Actually, according to this page P2 does have over current and over temperature protection..

http://eu.evga.com/products/moreinfo.asp?pn=220-P2-1000-XR&pwindow=features&family=&sw=


----------



## crmaris (Nov 13, 2013)

who said that it does 

http://www.techpowerup.com/reviews/EVGA/SuperNOVA_P2_1000/2.html


----------



## majm84 (Nov 13, 2013)

EVGA:

http://eu.evga.com/products/moreinfo.asp?pn=220-P2-1000-XR&pwindow=features&family=&sw=

"Heavy-duty protections, including OVP (Over Voltage Protection), UVP (Under Voltage Protection), OCP (Over Current Protection), OPP (Over Power Protection), SCP (Short Circuit Protection), and OTP (Over Temperature Protection)"


----------



## crmaris (Nov 13, 2013)

aa sorry I didn't get this. Nope it doesn't have. It is actually an SF Leadex Platinum which on the site mentions of OCP but on the user's manual it doesn't include it. Of course no OTP on both occassions and on top of that OCP in a 1000W single rail unit is a bad joke.

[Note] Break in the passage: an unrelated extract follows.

(* Let $m_1,m_2\in\{m_L,m_R\}$. Then both cutoff profiles $(\xi_L(m_1,m_2),\xi_L(m_2,m_1))$ and $(\xi_R(m_1,m_2),\xi_R(m_2,m_1))$ are strict equilibria and neighborhood invader strategy profiles of the induced game $\Gamma(F_{m_1},F_{m_2})$.
   Context: Two players; types drawn independently from a distribution on $[0,1]$ with continuous CDF $F$ and density $f>0$ on $[0,1]$; each chooses $L$ or $R$; a type-$u$ player gets $1-u$ if both choose $L$, $u$ if both choose $R$, $0$ otherwise. Players first send messages via the message function $\mu^*$: type $u$ sends $m_L$ if $u\le1/2$ and $m_R$ if $u>1/2$. $F_{m_L}$ is $F$ conditioned on $[0,1/2]$ and $F_{m_R}$ is $F$ conditioned on $(1/2,1]$. $\xi_L(m,m')=0$ if $m=m'=m_R$ and $1$ otherwise; $\xi_R(m,m')=1$ if $m=m'=m_L$ and $0$ otherwise. Induced game $\Gamma(F_{m_1},F_{m_2})$: player $i\in\{1,2\}$ has type drawn from $F_{m_i}$ (independently) and chooses a cutoff $x_i\in[0,1]$, playing $L$ iff her type $\le x_i$. $\pi^{m_1,m_2}(x_1,x_2)=\int[\mathbf 1\{u\le x_1\}(1-u)F_{m_2}(x_2)+\mathbf 1\{u>x_1\}u(1-F_{m_2}(x_2))]dF_{m_1}(u)$ is player 1's expected payoff; $\pi^{m_2,m_1}(x_2,x_1)$ is player 2's. Cutoffs $x_i,x_i'$ of player $i$ are equivalent ($x_i\approx x_i'$) if $F_{m_i}(x_i)=F_{m_i}(x_i')$. $(x_1,x_2)$ is a strict equilibrium if $\pi^{m_1,m_2}(x_1',x_2)\ge\pi^{m_1,m_2}(x_1,x_2)$ implies $x_1'\approx x_1$ and $\pi^{m_2,m_1}(x_2',x_1)\ge\pi^{m_2,m_1}(x_2,x_1)$ implies $x_2'\approx x_2$. A strict equilibrium $(x_1,x_2)$ is a neighborhood invader strategy profile if there exists $\epsilon>0$ such that for every $(x_1',x_2')$ with $x_1'\not\approx x_1$, $x_2'\not\approx x_2$, $|x_1'-x_1|<\epsilon$, $|x_2'-x_2|<\epsilon$, either $\pi^{m_1,m_2}(x_1,x_2')>\pi^{m_1,m_2}(x_1',x_2')$ or $\pi^{m_2,m_1}(x_2,x_1')>\pi^{m_2,m_1}(x_2',x_1')$. *)

theory Defs
  imports "HOL-Analysis.Analysis"
begin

http://www.techpowerup.com/reviews/SuperFlower/SF-1000F14MP/2.html


----------



## crmaris (Nov 13, 2013)

http://www.techpowerup.com/reviews/SuperFlower/SF-1000F14MP/images/box_side1_close.jpg


----------



## maukkae (Jun 17, 2014)

Did you happen to measure the minimum (<200 W loads) fan rpm when the eco mode was turned off?


----------



## crmaris (Jun 17, 2014)

sorry no.


----------



## maukkae (Jun 23, 2014)

Got my EVGA P2 1000 today. Totally overkill capacity wise, but your (and Jonnyguru's) review got me interested. This is the third power supply I bought for a new build. First got a Seasonic 520 W Platinum fanless, but it had a loud buzz/whine. It was replaced by a Corsair AX760i, but its clicking fan in idle and whine was a big disappointment.

But the EVGA. Holy moly. No noise unless I put my ear right next to the vents. No fear of the fan ever running with my system. Highly recommended!

Oh, the non-eco mode is too loud, but no reason to use it.


----------